Non so perché, ma vivo di questa incrollabile convinzione: che prima o dopo qualcosa debba cambiare. «Anche a ***», mi dice la moglie di un celebre poeta, «capitò un periodo di inattività, ma non modificò in nulla il suo tenore di vita». Sono passati ormai tre anni da quando ho avuto il mio ultimo contratto, un anno e mezzo da quando ho pubblicato l’ultimo pezzo pagato. La famiglia, preoccupatissima, periodicamente si riaffaccia: «Ma i tuoi contatti, gli editori, l’università?» «Eh, c’è da aspettare, zia cara, è un momentaccio». E poi l’umiliante, immancabile: «Comunque se ti servono dei soldi…». Mentre mi arrovello (moderatamente) su cosa fare, continuano peraltro a invitarmi (forse più di prima, e me ne spiego anche torvamente la ragione) a convegni, festival, presentazioni: la premessa è sempre che si tratta di ospitate NATURALMENTE a budget ridotto, o nullo, dunque grasso che cola se c’è il rimborso spese, ma di gettone di presenza, più, manco a parlarne.

 

Quel mio amico che restituì i miliardi era versato, mi ricordo, in particolare negli studi filologici, e però dopo la laurea in lettere, saggiamente, si buttò sull’informatica.
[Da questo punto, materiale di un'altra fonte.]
lemma sums_integral_if_fgm:
  fixes N :: "'a \<Rightarrow> nat" and Y :: "'a \<Rightarrow> real"
  assumes "prob_space M" and [measurable]: "N \<in> measurable M (count_space UNIV)"
    and N: "integrable M (\<lambda>\<omega>. real (N \<omega>))"
    and Y: "integrable M Y" and nonneg: "\<And>\<omega>. \<omega> \<in> space M \<Longrightarrow> 0 \<le> Y \<omega>"
    and tail: "\<And>n x. measure M {\<omega>\<in>space M. x < Y \<omega> \<and> n < N \<omega>}
      = (1 - measure M {\<omega>\<in>space M. N \<omega> \<le> n}) * (1 - measure M {\<omega>\<in>space M. Y \<omega> \<le> x}) *
        (1 + \<theta> * measure M {\<omega>\<in>space M. N \<omega> \<le> n} * measure M {\<omega>\<in>space M. Y \<omega> \<le> x})"
  shows "(\<lambda>n. \<integral>\<omega>. (if n < N \<omega> then Y \<omega> else 0) \<partial>M) sums
    (integral\<^sup>L M (\<lambda>\<omega>. real (N \<omega>)) * integral\<^sup>L M Y
     + \<theta> * (mu_max (distr M borel (\<lambda>\<omega>. real (N \<omega>))) - integral\<^sup>L M (\<lambda>\<omega>. real (N \<omega>)))
         * (mu_max (distr M borel Y) - integral\<^sup>L M Y))"
proof -
  interpret prob_space M by fact
  define F where "F n = measure M {\<omega>\<in>space M. N \<omega> \<le> n}" for n
  define \<mu>N where "\<mu>N = integral\<^sup>L M (\<lambda>\<omega>. real (N \<omega>))"
  define \<mu>Y where "\<mu>Y = integral\<^sup>L M Y"
  define \<Delta>N where "\<Delta>N = mu_max (distr M borel (\<lambda>\<omega>. real (N \<omega>))) - \<mu>N"
  define \<Delta>Y where "\<Delta>Y = mu_max (distr M borel Y) - \<mu>Y"
  have summand: "(\<integral>\<omega>. (if n < N \<omega> then Y \<omega> else 0) \<partial>M) = (1 - F n) * \<mu>Y + \<theta> * \<Delta>Y * (F n * (1 - F n))" for n
    unfolding \<mu>Y_def \<Delta>Y_def F_def
    by (subst integral_if_fgm_tail[OF assms(1) Y nonneg _ tail]) (simp_all add: algebra_simps)
  have tail_N: "measure M {\<omega>\<in>space M. n < N \<omega>} = 1 - F n" for n
    unfolding F_def by (intro prob_greater_eq_1_minus prob_space_axioms) measurable
  have sums_N: "(\<lambda>n. 1 - F n) sums \<mu>N"
    using sums_tail_nat[OF finite_measure_axioms _ N] by (simp add: tail_N \<mu>N_def)
  have "(\<lambda>n. (1 - F n ^ 2) - (1 - F n)) sums \<Delta>N"
    unfolding \<Delta>N_def F_def
    by (intro sums_diff sums_mu_max_distr_nat[OF assms(1) _ N] sums_N[unfolded F_def]) simp
  then have sums_F_times_tail_N: "(\<lambda>n. F n * (1 - F n)) sums \<Delta>N"
    by (simp add: power2_eq_square algebra_simps)
  have "(\<lambda>n. (1 - F n) * \<mu>Y + \<theta> * \<Delta>Y * (F n * (1 - F n))) sums (\<mu>N * \<mu>Y + \<theta> * \<Delta>Y * \<Delta>N)"
    by (intro sums_add sums_mult sums_mult2 sums_N sums_F_times_tail_N)
  then show ?thesis
    unfolding summand by (simp add: \<mu>N_def \<mu>Y_def \<Delta>N_def \<Delta>Y_def algebra_simps)
qed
È attualmente, come apprendo dal web, un esperto di linguaggi mediali, lo sento parlare nel gergo specialistico con una certa saudade di quando nei corridoi di lettere ci scambiavamo gli appunti di Storia della lingua e mi spiegava la metafonesi o la grammatica storica sui versi di Dante. Ai tempi della battuta sulla Grecia, tra l’altro, si trattava ancora di un posto dove fare le vacanze, non ancora del simbolo della crisi economica o lo spauracchio della rovina («di qui a pochi anni, finiti i patrimoni delle grandi famiglie, potremmo ritrovarci nelle condizioni della Grecia», dicono alla tivù).

 

Hamsun dice invece che la povertà è una specola privilegiata e che affina l’intelligenza: di sicuro al suo protagonista non difettano l’orgoglio e la fortuna. Lui, quei soldi non suoi, senz’altro li avrebbe restituiti (o sperperati, per non sentirsi in colpa: «Grecia per tutti»). Difatti poi finisce a navigare: come l’amico dei sessanta miliardi, effettivamente.